▶ WORK INSTRUCTIONS
How do the records below read from their first line through the line containing "(* With $h$"? Write those lines out exactly.

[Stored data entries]
lemma peval_mmult_red_orbit_eq_0:
  assumes st: "ls_stable w d N (levi N js)" and g: "g \<in> levi N js" and xs: "hom_poly d' N' n xs"
    and van: "\<forall>B'\<in>orbit_frames w' d' N'. peval xs B' = 0" and B': "B' \<in> orbit_frames w' d' N'"
  shows "peval xs (mmult N' (principal_sub p N' g) B') = 0"
proof -
  obtain b' where b': "b' \<in> borel N'" "B' = orbit_frame w' d' N' b'"
    using B' unfolding orbit_frames_eq_image by blast
  obtain b where b: "b \<in> borel N" "principal_sub p N' b = b'" "top_minor p b = 1"
    using ex_borel_principal_sub[OF b'(1)] by blast
  have lifted_van: "\<forall>B\<in>orbit_frames w d N. peval (lift_poly p xs) B = 0"
  proof
    fix B assume "B \<in> orbit_frames w d N"
    then obtain c where c: "c \<in> borel N" "B = orbit_frame w d N c" unfolding orbit_frames_eq_image by blast
    then have "orbit_frame w' d' N' (principal_sub p N' c) \<in> orbit_frames w' d' N'"
      unfolding orbit_frames_eq_image using principal_sub_borel by blast
    then show "peval (lift_poly p xs) B = 0" using van peval_lift_poly_orbit_frame[OF c(1) xs] c(2) by simp
  qed
  have "mmult N g (orbit_frame w d N b) \<in> schubert_frames w d N"
    using st g b(1) orbit_frames_subset unfolding ls_stable_def orbit_frames_eq_image by blast
  then have "peval (lift_poly p xs) (mmult N g (orbit_frame w d N b)) = 0"
    using lifted_van hom_poly_imp_poly_fun[OF hom_poly_lift_poly_red[OF xs]]
    unfolding schubert_frames_def by blast
  then have "(top_minor p g * top_minor p b) ^ n * peval xs (mmult N' (principal_sub p N' g) B') = 0"
    using peval_lift_poly_mmult_orbit_frame[OF st g b(1) xs] b(2) b'(2) by simp
  then show ?thesis using b(3) top_minor_levi_nonzero[OF st g] by simp
qed
(* With $h$ as defined in the context, the function $x\mapsto h(x)/(x+1)$ is strictly decreasing on $(-1,\infty)$ and the function $x\mapsto h(x)(x+1)$ is strictly increasing on $(-1,\infty)$.
   Context: Let $u_n=(-1)^{s_2(n)}$, where $s_2(n)$ is the sum of the binary digits of the non-negative integer $n$ (Thue–Morse sequence with values $\pm1$). For real $x>-2$ define $h(x)=\prod_{n=1}^\infty\left(\frac{2n+x}{2n+1+x}\right)^{u_n}$ (limit of partial products; it converges). *)

theory Defs
  imports "HOL-Analysis.Analysis"
begin

fun s2 :: "nat \<Rightarrow> nat" where
  "s2 n = (if n = 0 then 0 else n mod 2 + s2 (n div 2))"

definition tm :: "nat \<Rightarrow> int" where
  "tm n = (-1) ^ s2 n"

definition h :: "real \<Rightarrow> real" where
  "h x = lim (\<lambda>N. \<Prod>n\<in>{1..N}. ((2 * real n + x) / (2 * real n + 1 + x)) powi tm n)"

end

(* Taking logarithms, ln h(x) is the convergent series of u n * ln ((2n + x) / (2n + 1 + x)).
   For -1 < x < y each term ln ((2n + y) / (2n + 1 + y)) - ln ((2n + x) / (2n + 1 + x)) is
   nonnegative, and these differences sum to at most (ln (1 + y) - ln (1 + x)) / 2. Since the u n
   are signs, |ln h(y) - ln h(x)| is at most half of ln ((y + 1) / (x + 1)), so h(y) / h(x) lies
   strictly between (x + 1) / (y + 1) and (y + 1) / (x + 1): that is both monotonicity claims. *)

theory Submission
  imports Defs "HOL-Probability.Characteristic_Functions"
begin

lemma tm_double: "tm (2 * k) = tm k"
  using s2.simps[of "2 * k"] by (cases "k = 0") (auto simp: tm_def simp del: s2.simps)

lemma tm_double_Suc: "tm (Suc (2 * k)) = - tm k"
  using s2.simps[of "Suc (2 * k)"] by (simp add: tm_def del: s2.simps)

lemma abs_tm [simp]: "\<bar>real_of_int (tm n)\<bar> = 1"
  by (simp add: tm_def del: s2.simps)

lemma sums_of_pair_sums:
  fixes f :: "nat \<Rightarrow> 'a::real_normed_vector"
  assumes "f \<longlonglongrightarrow> 0" and "(\<lambda>k. f (2 * k) + f (2 * k + 1)) sums s"
  shows "f sums s"
  unfolding sums_def
proof (rule limseq_even_odd)
  have pairs: "(\<Sum>n<2 * K. f n) = (\<Sum>k<K. f (2 * k) + f (2 * k + 1))" for K
    by (induction K) (simp_all add: algebra_simps)
  show even: "(\<lambda>K. \<Sum>n<2 * K. f n) \<longlonglongrightarrow> s"
    using assms(2) by (simp add: pairs sums_def)
  have "(\<lambda>K. f (2 * K)) \<longlonglongrightarrow> 0"
    using LIMSEQ_subseq_LIMSEQ[OF assms(1), of "\<lambda>K. 2 * K"]
    by (simp add: strict_mono_def o_def)
  from tendsto_add[OF even this]
  show "(\<lambda>K. \<Sum>n<2 * K + 1. f n) \<longlonglongrightarrow> s" by simp
qed

text \<open>Pairing the terms 2k and 2k+1, whose signs are opposite, leaves a series dominated
  by the telescoping series of a (2k+2) - a (2k).\<close>
lemma summable_tm_mult:
  fixes a :: "nat \<Rightarrow> real"
  assumes mono: "mono_on {1..} a" and lim: "a \<longlonglongrightarrow> 0"
  shows "summable (\<lambda>n. of_int (tm n) * a n)"
proof -
  let ?f = "\<lambda>n. of_int (tm n) * a n"
  have pair: "?f (2 * k) + ?f (2 * k + 1) = of_int (tm k) * (a (2 * k) - a (2 * k + 1))" for k
    unfolding Suc_eq_plus1[symmetric] tm_double tm_double_Suc by (simp add: algebra_simps)
  have "(\<lambda>k. a (2 * k)) \<longlonglongrightarrow> 0"
    using LIMSEQ_subseq_LIMSEQ[OF lim, of "\<lambda>k. 2 * k"] by (simp add: strict_mono_def o_def)
  then have "summable (\<lambda>k. of_int (tm k) * (a (2 * k) - a (2 * k + 1)))"
  proof (rule summable_comparison_test'[where N = 1, OF telescope_summable])
    fix k :: nat assume "1 \<le> k"
    then have "a (2 * k) \<le> a (2 * k + 1)" "a (2 * k + 1) \<le> a (2 * Suc k)"
      by (auto intro: mono_onD[OF mono])
    then show "norm (of_int (tm k) * (a (2 * k) - a (2 * k + 1))) \<le> a (2 * Suc k) - a (2 * k)"
      by (simp add: abs_mult)
  qed
  moreover have "(\<lambda>n. norm (?f n)) \<longlonglongrightarrow> 0"
    using tendsto_norm_zero[OF lim] by (simp add: abs_mult)
  then have "?f \<longlonglongrightarrow> 0"
    by (rule tendsto_norm_zero_cancel)
  ultimately show ?thesis
    unfolding summable_def pair[symmetric] by (blast intro: sums_of_pair_sums)
qed

definition ln_factor :: "real \<Rightarrow> nat \<Rightarrow> real" where
  "ln_factor x n = ln ((2 * real n + x) / (2 * real n + 1 + x))"

lemma ln_frac_Suc_mono:
  fixes p q :: real
  assumes "0 < p" "p \<le> q"
  shows "ln (p / (p + 1)) \<le> ln (q / (q + 1))"
proof -
  have "p / (p + 1) \<le> q / (q + 1)"
    using assms by (simp add: divide_simps algebra_simps)
  then show ?thesis using assms by simp
qed

lemma ln_factor_mono:
  assumes "-1 < x"
  shows "mono_on {1..} (ln_factor x)"
proof (rule mono_onI)
  fix n m :: nat assume "n \<in> {1..}" "m \<in> {1..}" "n \<le> m"
  with assms show "ln_factor x n \<le> ln_factor x m"
    using ln_frac_Suc_mono[of "2 * real n + x" "2 * real m + x"]
    by (simp add: ln_factor_def add_ac)
qed

lemma ln_factor_mono_left:
  assumes "-1 < x" "x \<le> y" "1 \<le> n"
  shows "ln_factor x n \<le> ln_factor y n"
  using assms ln_frac_Suc_mono[of "2 * real n + x" "2 * real n + y"]
  by (simp add: ln_factor_def add_ac)

lemma ln_factor_tendsto_zero: "ln_factor x \<longlonglongrightarrow> 0"
proof -
  have large: "eventually (\<lambda>n. \<bar>x\<bar> < real n) sequentially"
    using eventually_gt_at_top[of "nat \<lceil>\<bar>x\<bar>\<rceil>"] by eventually_elim linarith
  have "filterlim (\<lambda>n. 2 * real n + 1 + x) at_top sequentially"
    by (rule filterlim_at_top_mono[OF filterlim_real_sequentially])
      (use large in \<open>eventually_elim, simp\<close>)
  then have "(\<lambda>n. 1 - inverse (2 * real n + 1 + x)) \<longlonglongrightarrow> 1 - 0"
    by (intro tendsto_diff tendsto_const tendsto_inverse_0_at_top)
  moreover have "eventually (\<lambda>n. 1 - inverse (2 * real n + 1 + x)
                   = (2 * real n + x) / (2 * real n + 1 + x)) sequentially"
    using large by eventually_elim (simp add: field_simps)
  ultimately have "(\<lambda>n. (2 * real n + x) / (2 * real n + 1 + x)) \<longlonglongrightarrow> 1"
    by (simp add: tendsto_cong)
  from tendsto_ln[OF this] show ?thesis
    by (simp add: ln_factor_def [abs_def])
qed

text \<open>After exponentiating, this is q^2 (p^2 - 1) \<le> p^2 (q^2 - 1).\<close>
lemma ln_frac_Suc_diff_le:
  fixes p q :: real
  assumes "1 < p" "p \<le> q"
  shows "2 * (ln (q / (q + 1)) - ln (p / (p + 1)))
           \<le> (ln (q - 1) - ln (p - 1)) - (ln (q + 1) - ln (p + 1))"
proof -
  have "1 < p\<^sup>2" "p\<^sup>2 \<le> q\<^sup>2"
    using assms by (simp_all add: one_less_power power_mono)
  then have "0 < q\<^sup>2 * (p\<^sup>2 - 1)" "q\<^sup>2 * (p\<^sup>2 - 1) \<le> p\<^sup>2 * (q\<^sup>2 - 1)"
    using assms by (intro mult_pos_pos, simp_all add: algebra_simps)
  then have "ln (q\<^sup>2 * (p\<^sup>2 - 1)) \<le> ln (p\<^sup>2 * (q\<^sup>2 - 1))"
    by simp
  moreover have "q\<^sup>2 * (p\<^sup>2 - 1) = q * q * ((p - 1) * (p + 1))"
    and "p\<^sup>2 * (q\<^sup>2 - 1) = p * p * ((q - 1) * (q + 1))"
    by (simp_all add: algebra_simps power2_eq_square)
  ultimately show ?thesis
    using assms by (simp add: ln_mult ln_div)
qed

text \<open>By the previous lemma with p = 2n + x and q = 2n + y, twice the n-th term is at most
  g (2n - 1) - g (2n + 1) for g t = ln (t + y) - ln (t + x), so the bound telescopes.\<close>
lemma sum_ln_factor_diff_le:
  assumes "-1 < x" "x \<le> y"
  shows "2 * (\<Sum>n = 1..N. ln_factor y n - ln_factor x n)
           \<le> (ln (1 + y) - ln (1 + x)) - (ln (2 * real N + 1 + y) - ln (2 * real N + 1 + x))"
proof (induction N)
  case (Suc N)
  define p where "p = 2 * real (Suc N) + x"
  define q where "q = 2 * real (Suc N) + y"
  have "1 < p" "p \<le> q"
    using assms by (auto simp: p_def q_def)
  from ln_frac_Suc_diff_le[OF this]
  have "2 * (ln_factor y (Suc N) - ln_factor x (Suc N))
          \<le> (ln (q - 1) - ln (p - 1)) - (ln (q + 1) - ln (p + 1))"
    by (simp add: ln_factor_def p_def q_def add_ac)
  moreover have "q - 1 = 2 * real N + 1 + y" "p - 1 = 2 * real N + 1 + x"
    "q + 1 = 2 * real (Suc N) + 1 + y" "p + 1 = 2 * real (Suc N) + 1 + x"
    by (simp_all add: p_def q_def)
  ultimately show ?case
    using Suc by (simp add: sum.cl_ivl_Suc algebra_simps)
qed simp

definition ln_h :: "real \<Rightarrow> real" where
  "ln_h x = (\<Sum>n. of_int (tm (Suc n)) * ln_factor x (Suc n))"

lemma summable_ln_h:
  assumes "-1 < x"
  shows "summable (\<lambda>n. of_int (tm (Suc n)) * ln_factor x (Suc n))"
  using summable_tm_mult[OF ln_factor_mono[OF assms] ln_factor_tendsto_zero]
  by (subst summable_Suc_iff)

lemma h_eq_exp_ln_h:
  assumes "-1 < x"
  shows "h x = exp (ln_h x)"
proof -
  have "(\<Prod>n = 1..N. ((2 * real n + x) / (2 * real n + 1 + x)) powi tm n)
          = exp (\<Sum>n<N. of_int (tm (Suc n)) * ln_factor x (Suc n))" for N
  proof -
    have "((2 * real n + x) / (2 * real n + 1 + x)) powi tm n = exp (of_int (tm n) * ln_factor x n)"
      if "1 \<le> n" for n
    proof -
      have "0 < (2 * real n + x) / (2 * real n + 1 + x)"
        using assms that by simp
      then show ?thesis
        by (simp add: ln_factor_def exp_power_int[symmetric])
    qed
    then have "(\<Prod>n = 1..N. ((2 * real n + x) / (2 * real n + 1 + x)) powi tm n)
                 = (\<Prod>n = 1..N. exp (of_int (tm n) * ln_factor x n))"
      by (intro prod.cong) simp_all
    also have "\<dots> = exp (\<Sum>n<N. of_int (tm (Suc n)) * ln_factor x (Suc n))"
      by (simp add: exp_sum prod.atLeast1_atMost_eq)
    finally show ?thesis .
  qed
  moreover have "(\<lambda>N. exp (\<Sum>n<N. of_int (tm (Suc n)) * ln_factor x (Suc n))) \<longlonglongrightarrow> exp (ln_h x)"
    unfolding ln_h_def by (intro tendsto_exp summable_LIMSEQ summable_ln_h assms)
  ultimately show ?thesis
    unfolding h_def by (simp add: limI)
qed

lemma abs_ln_h_diff_le:
  assumes "-1 < x" "x \<le> y"
  shows "2 * \<bar>ln_h y - ln_h x\<bar> \<le> ln (1 + y) - ln (1 + x)"
proof -
  define d where "d n = ln_factor y (Suc n) - ln_factor x (Suc n)" for n
  have d_nonneg: "0 \<le> d n" for n
    using ln_factor_mono_left[OF assms] by (simp add: d_def)
  have partial: "2 * \<bar>\<Sum>n<N. of_int (tm (Suc n)) * d n\<bar> \<le> ln (1 + y) - ln (1 + x)" for N
  proof -
    have "2 * \<bar>\<Sum>n<N. of_int (tm (Suc n)) * d n\<bar> \<le> 2 * (\<Sum>n<N. \<bar>of_int (tm (Suc n)) * d n\<bar>)"
      by (simp add: sum_abs)
    also have "\<dots> = 2 * (\<Sum>n<N. d n)"
      by (simp add: abs_mult d_nonneg)
    also have "\<dots> = 2 * (\<Sum>n = 1..N. ln_factor y n - ln_factor x n)"
      by (simp add: d_def sum.atLeast1_atMost_eq)
    also have "\<dots> \<le> ln (1 + y) - ln (1 + x)"
    proof -
      have "ln (2 * real N + 1 + x) \<le> ln (2 * real N + 1 + y)"
        using assms by simp
      then show ?thesis
        using sum_ln_factor_diff_le[OF assms, of N] by linarith
    qed
    finally show ?thesis .
  qed
  have "-1 < y" using assms by simp
  have "(\<lambda>N. \<Sum>n<N. of_int (tm (Suc n)) * d n) \<longlonglongrightarrow> ln_h y - ln_h x"
    unfolding ln_h_def d_def right_diff_distrib sum_subtractf
    by (intro tendsto_diff summable_LIMSEQ summable_ln_h assms \<open>-1 < y\<close>)
  from tendsto_mult[OF tendsto_const tendsto_rabs[OF this], of 2] show ?thesis
    by (rule LIMSEQ_le_const2) (use partial in auto)
qed

lemma h_ratio_bounds:
  assumes "-1 < x" "x < y"
  shows "(x + 1) / (y + 1) < h y / h x \<and> h y / h x < (y + 1) / (x + 1)"
proof -
  define D where "D = ln (1 + y) - ln (1 + x)"
  have "0 < D" using assms by (simp add: D_def)
  have exp_D: "exp D = (y + 1) / (x + 1)"
    using assms by (simp add: D_def exp_diff add.commute)
  have ratio: "h y / h x = exp (ln_h y - ln_h x)"
    using assms by (simp add: h_eq_exp_ln_h exp_diff)
  have "2 * \<bar>ln_h y - ln_h x\<bar> \<le> D"
    using abs_ln_h_diff_le[of x y] assms by (simp add: D_def)
  then have "\<bar>ln_h y - ln_h x\<bar> < D"
    using \<open>0 < D\<close> by (smt (verit))
  then have "exp (- D) < exp (ln_h y - ln_h x)" "exp (ln_h y - ln_h x) < exp D"
    by simp_all
  then show ?thesis
    by (simp add: ratio exp_D exp_minus inverse_eq_divide)
qed

theorem theorem1:
  shows "strict_antimono_on {-1<..} (\<lambda>x. h x / (x + 1)) \<and>
         strict_mono_on {-1<..} (\<lambda>x. h x * (x + 1))"
proof -
  have "h y / (y + 1) < h x / (x + 1) \<and> h x * (x + 1) < h y * (y + 1)"
    if "-1 < x" "x < y" for x y
  proof -
    have "0 < h x" "0 < x + 1" "0 < y + 1"
      using that by (simp_all add: h_eq_exp_ln_h)
    then show ?thesis
      using h_ratio_bounds[OF that] by (simp add: divide_simps mult.commute)
  qed
  then show ?thesis
    by (auto simp: monotone_on_def)
qed

end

▶ SOLUTION TO THE EXERCISE
lemma peval_mmult_red_orbit_eq_0:
  assumes st: "ls_stable w d N (levi N js)" and g: "g \<in> levi N js" and xs: "hom_poly d' N' n xs"
    and van: "\<forall>B'\<in>orbit_frames w' d' N'. peval xs B' = 0" and B': "B' \<in> orbit_frames w' d' N'"
  shows "peval xs (mmult N' (principal_sub p N' g) B') = 0"
proof -
  obtain b' where b': "b' \<in> borel N'" "B' = orbit_frame w' d' N' b'"
    using B' unfolding orbit_frames_eq_image by blast
  obtain b where b: "b \<in> borel N" "principal_sub p N' b = b'" "top_minor p b = 1"
    using ex_borel_principal_sub[OF b'(1)] by blast
  have lifted_van: "\<forall>B\<in>orbit_frames w d N. peval (lift_poly p xs) B = 0"
  proof
    fix B assume "B \<in> orbit_frames w d N"
    then obtain c where c: "c \<in> borel N" "B = orbit_frame w d N c" unfolding orbit_frames_eq_image by blast
    then have "orbit_frame w' d' N' (principal_sub p N' c) \<in> orbit_frames w' d' N'"
      unfolding orbit_frames_eq_image using principal_sub_borel by blast
    then show "peval (lift_poly p xs) B = 0" using van peval_lift_poly_orbit_frame[OF c(1) xs] c(2) by simp
  qed
  have "mmult N g (orbit_frame w d N b) \<in> schubert_frames w d N"
    using st g b(1) orbit_frames_subset unfolding ls_stable_def orbit_frames_eq_image by blast
  then have "peval (lift_poly p xs) (mmult N g (orbit_frame w d N b)) = 0"
    using lifted_van hom_poly_imp_poly_fun[OF hom_poly_lift_poly_red[OF xs]]
    unfolding schubert_frames_def by blast
  then have "(top_minor p g * top_minor p b) ^ n * peval xs (mmult N' (principal_sub p N' g) B') = 0"
    using peval_lift_poly_mmult_orbit_frame[OF st g b(1) xs] b(2) b'(2) by simp
  then show ?thesis using b(3) top_minor_levi_nonzero[OF st g] by simp
qed
(* With $h$ as defined in the context, the function $x\mapsto h(x)/(x+1)$ is strictly decreasing on $(-1,\infty)$ and the function $x\mapsto h(x)(x+1)$ is strictly increasing on $(-1,\infty)$.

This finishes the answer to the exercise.